2. Append its URL to the `SERVERS` env var in `docker-compose.yml`.
3. Run `docker compose up -d`.
No code changes required.
### Adding a new load-balancing strategy
1. Create a struct implementing the `Strategy` interface in `backend/internal/loadbalancer/`.
2. Register it in `backend/internal/loadbalancer/factory.go`.
3. Add the strategy name to the config validation in `backend/internal/config/config.go`.
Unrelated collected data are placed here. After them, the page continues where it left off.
lemma nn_integral_sublevel_le:
  "(\<integral>\<^sup>+ s. ennreal (\<psi> s) * indicator {s. 0 < s \<and> primitive s \<le> u} s \<partial>lborel) \<le> ennreal u"
proof -
  let ?A = "\<lambda>n::nat. {s. 0 < s \<and> s \<le> real n \<and> primitive s \<le> u}"
  let ?N = "density lborel (\<lambda>s. ennreal (\<psi> s))"
  have "{s. 0 < s \<and> primitive s \<le> u} = (\<Union>n. ?A n)"
    using real_arch_simple by auto
  then have "(\<integral>\<^sup>+ s. ennreal (\<psi> s) * indicator {s. 0 < s \<and> primitive s \<le> u} s \<partial>lborel)
      = emeasure ?N (\<Union>n. ?A n)"
    by (simp add: emeasure_density)
  also have "\<dots> = (SUP n. emeasure ?N (?A n))"
    by (rule SUP_emeasure_incseq[symmetric]) (auto simp: incseq_def intro: order_trans)
  also have "\<dots> \<le> ennreal u"
    using nn_integral_bounded_sublevel_le by (simp add: emeasure_density SUP_least)
  finally show ?thesis .
qed

text \<open>Writing \<open>exp (- c F s)\<close> as the tail integral of \<open>c exp (- c u)\<close> over \<open>u \<ge> F s\<close> and
  exchanging the order of integration avoids differentiating the merely Lipschitz
  primitive \<open>F\<close>.\<close>

lemma nn_integral_rate_exp_primitive_le:
  assumes c: "0 < c"
  shows "(\<integral>\<^sup>+ s. ennreal (\<psi> s * exp (- c * primitive s)) * indicator {0<..} s \<partial>lborel) \<le> ennreal (1 / c)"
proof -
  have [measurable]: "Measurable.pred (borel \<Otimes>\<^sub>M borel) (\<lambda>x::real \<times> real. snd x \<in> {primitive (fst x)..})"
    unfolding atLeast_iff by measurable
  have "(\<integral>\<^sup>+ s. ennreal (\<psi> s * exp (- c * primitive s)) * indicator {0<..} s \<partial>lborel)
      = (\<integral>\<^sup>+ s. (\<integral>\<^sup>+ u. ennreal (\<psi> s) * indicator {0<..} s * (ennreal (c * exp (- c * u)) * indicator {primitive s..} u) \<partial>lborel) \<partial>lborel)"
  proof (intro nn_integral_cong)
    fix s
    have "ennreal (\<psi> s * exp (- c * primitive s)) * indicator {0<..} s
        = ennreal (\<psi> s) * indicator {0<..} s * ennreal (exp (- c * primitive s))"
      using rate_nonneg[of s] by (simp add: ennreal_mult mult_ac)
    also have "\<dots> = ennreal (\<psi> s) * indicator {0<..} s * (\<integral>\<^sup>+ u. ennreal (c * exp (- c * u)) * indicator {primitive s..} u \<partial>lborel)"
      by (simp only: nn_integral_exponential_tail[OF c])
    also have "\<dots> = (\<integral>\<^sup>+ u. ennreal (\<psi> s) * indicator {0<..} s * (ennreal (c * exp (- c * u)) * indicator {primitive s..} u) \<partial>lborel)"
      by (rule nn_integral_cmult[symmetric]) measurable
    finally show "ennreal (\<psi> s * exp (- c * primitive s)) * indicator {0<..} s = \<dots>" .
  qed
  also have "\<dots> = (\<integral>\<^sup>+ u. (\<integral>\<^sup>+ s. ennreal (\<psi> s) * indicator {0<..} s * (ennreal (c * exp (- c * u)) * indicator {primitive s..} u) \<partial>lborel) \<partial>lborel)"
    by (rule lborel_pair.Fubini'[symmetric]) measurable
  also have "\<dots> = (\<integral>\<^sup>+ u. ennreal (c * exp (- c * u)) * (\<integral>\<^sup>+ s. ennreal (\<psi> s) * indicator {s. 0 < s \<and> primitive s \<le> u} s \<partial>lborel) \<partial>lborel)"
    by (intro nn_integral_cong)
       (auto simp: nn_integral_cmult[symmetric] mult_ac intro!: nn_integral_cong split: split_indicator)
  also have "\<dots> \<le> (\<integral>\<^sup>+ u. ennreal (c * exp (- c * u)) * ennreal u \<partial>lborel)"
    by (intro nn_integral_mono mult_left_mono nn_integral_sublevel_le) auto
  also have "\<dots> = (\<integral>\<^sup>+ u. ennreal (c * exp (- c * u) * u) * indicator {0..} u \<partial>lborel)"
    using c by (intro nn_integral_cong) (auto simp: ennreal_mult ennreal_neg split: split_indicator)
  also have "\<dots> = ennreal (1 / c)"
    by (rule nn_integral_exponential_mean[OF c])
  finally show ?thesis .
qed

end

lemma nn_integral_lborel_scaleR:
  fixes f :: "'a::euclidean_space \<Rightarrow> ennreal" and c :: real
  assumes [measurable]: "f \<in> borel_measurable borel" and c: "0 < c"
  shows "(\<integral>\<^sup>+ x. f x \<partial>lborel) = ennreal (c ^ DIM('a)) * (\<integral>\<^sup>+ y. f (c *\<^sub>R y) \<partial>lborel)"
proof -
  let ?D = "density (distr lborel borel (\<lambda>x. 0 + c *\<^sub>R x)) (\<lambda>_. \<bar>c\<bar> ^ DIM('a))"
  have "(lborel :: 'a measure) = ?D"
    using c by (intro lborel_affine) simp
  then have "(\<integral>\<^sup>+ x. f x \<partial>lborel) = (\<integral>\<^sup>+ x. f x \<partial>?D)"
    by (subst (1) \<open>lborel = ?D\<close>) (rule refl)
  also have "\<dots> = (\<integral>\<^sup>+ y. ennreal (\<bar>c\<bar> ^ DIM('a)) * f (0 + c *\<^sub>R y) \<partial>lborel)"
    by (simp add: nn_integral_density nn_integral_distr)
  also have "\<dots> = ennreal (c ^ DIM('a)) * (\<integral>\<^sup>+ y. f (c *\<^sub>R y) \<partial>lborel)"
    using c by (subst nn_integral_cmult) auto
  finally show ?thesis .
qed
(* Let $0\le f\in L^1[-\pi,\pi]$, $b\in(-\pi,0)\cup(0,\pi)$, let $I=[b,\pi]$ if $b>0$ and $I=[-\pi,b]$ if $b<0$, and let $f_H$ be the polarization of $f$ with respect to $b$. Then: (a) for $x\in I$ and $x'=2b-x$: $u_f(x)+u_f(x')\le u_{f_H}(x)+u_{f_H}(x')$; (b) for $x\in I$ and $x'=2b-x$: $u_f(x)\le u_{f_H}(x')$; (c) if $b>0$ and $x\in[-\pi,b]$ (respectively $b<0$ and $x\in[b,\pi]$), then $u_f(x)\le u_{f_H}(x)$. Moreover, for $b>0$ (resp. $b<0$) the following are equivalent: (i) equality $u_f(x)=u_{f_H}(x)$ holds for some $x\in(-\pi,b]$ (resp. $x\in[b,\pi)$); (ii) it holds for all $x\in(-\pi,b]$ (resp. $x\in[b,\pi)$); (iii) $u_f\equiv u_{f_H}$ on $[-\pi,\pi]$; (iv) $f=f_H$ a.e. on $[-\pi,\pi]$.
   Context: $G(x,y)=-\frac{xy}{2\pi}-\frac12|x-y|+\frac{\pi}{2}$ on $[-\pi,\pi]^2$; for $0\le g\in L^1[-\pi,\pi]$, $u_g(x)=\int_{-\pi}^{\pi}G(x,y)g(y)\,dy$ (the solution of $-u''=g$ on $(-\pi,\pi)$, $u(\pm\pi)=0$). Polarization of $f$ with respect to $b$: if $b\in(0,\pi)$, $f_H(x)=f(x)$ for $x\in[-\pi,2b-\pi)$, $f_H(x)=\max\{f(x),f(2b-x)\}$ for $x\in[2b-\pi,b]$, $f_H(x)=\min\{f(x),f(2b-x)\}$ for $x\in[b,\pi]$; if $b\in(-\pi,0)$, $f_H(x)=\min\{f(x),f(2b-x)\}$ for $x\in[-\pi,b]$, $f_H(x)=\max\{f(x),f(2b-x)\}$ for $x\in[b,2b+\pi]$, $f_H(x)=f(x)$ for $x\in(2b+\pi,\pi]$. *)

theory Defs
  imports "HOL-Analysis.Analysis"
begin

definition green :: "real \<Rightarrow> real \<Rightarrow> real" where
  "green x y = - (x * y) / (2 * pi) - \<bar>x - y\<bar> / 2 + pi / 2"

definition upot :: "(real \<Rightarrow> real) \<Rightarrow> real \<Rightarrow> real" where
  "upot g x = (LINT y:{-pi..pi}|lborel. green x y * g y)"

definition polar :: "real \<Rightarrow> (real \<Rightarrow> real) \<Rightarrow> real \<Rightarrow> real" where
  "polar b f x =
    (if 0 < b then
       (if -pi \<le> x \<and> x < 2*b - pi then f x
        else if 2*b - pi \<le> x \<and> x \<le> b then max (f x) (f (2*b - x))
        else if b \<le> x \<and> x \<le> pi then min (f x) (f (2*b - x))
        else f x)
     else if b < 0 then
       (if -pi \<le> x \<and> x \<le> b then min (f x) (f (2*b - x))
        else if b \<le> x \<and> x \<le> 2*b + pi then max (f x) (f (2*b - x))
        else if 2*b + pi < x \<and> x \<le> pi then f x
        else f x)
     else f x)"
4. Add tests in `strategies_test.go`.
---
## Testing
```bash
# All Go tests with race detector
task test
# Tests + HTML coverage report
task test-coverage
# Python feature-alignment tests
task test-python
# Run a quick load test (requires 'hey')
task load-test
# Lint
task lint
```
---
## Deployment
### Docker Compose (recommended for single-node)
```bash
cp .env.example .env # Fill in production values
task up
```
### Kubernetes (Helm)
```bash
# Install
helm install neurabalancer deployments/helm/charts/neurabalancer \
--set image.tag=v1.0.0 \
--set db.password= \
--set grafana.adminPassword=
# Upgrade
helm upgrade neurabalancer deployments/helm/charts/neurabalancer \
--set image.tag=v1.1.0
# Status
kubectl get pods -l app.kubernetes.io/name=neurabalancer
```
### CI/CD
- **CI** runs on every pull request and push to `main`/`develop` — linting, tests, Docker build check.
- **CD** runs on version tags (`v*.*.*`) — builds and pushes images to GHCR, then syncs ArgoCD.
Set these repository secrets for CD:
- `ARGOCD_SERVER` — your ArgoCD server URL
- `ARGOCD_AUTH_TOKEN` — ArgoCD authentication token
---
## Contributing
1. Fork the repository
2. Run `task setup` to install hooks and dependencies
3. Create a feature branch: `git checkout -b feat/my-feature`
4. Commit using [Conventional Commits](https://www.conventionalcommits.org/): `feat:`, `fix:`, `chore:`, etc.
5. Push and open a pull request against `main`
Please keep PRs focused and small. Include tests for new functionality.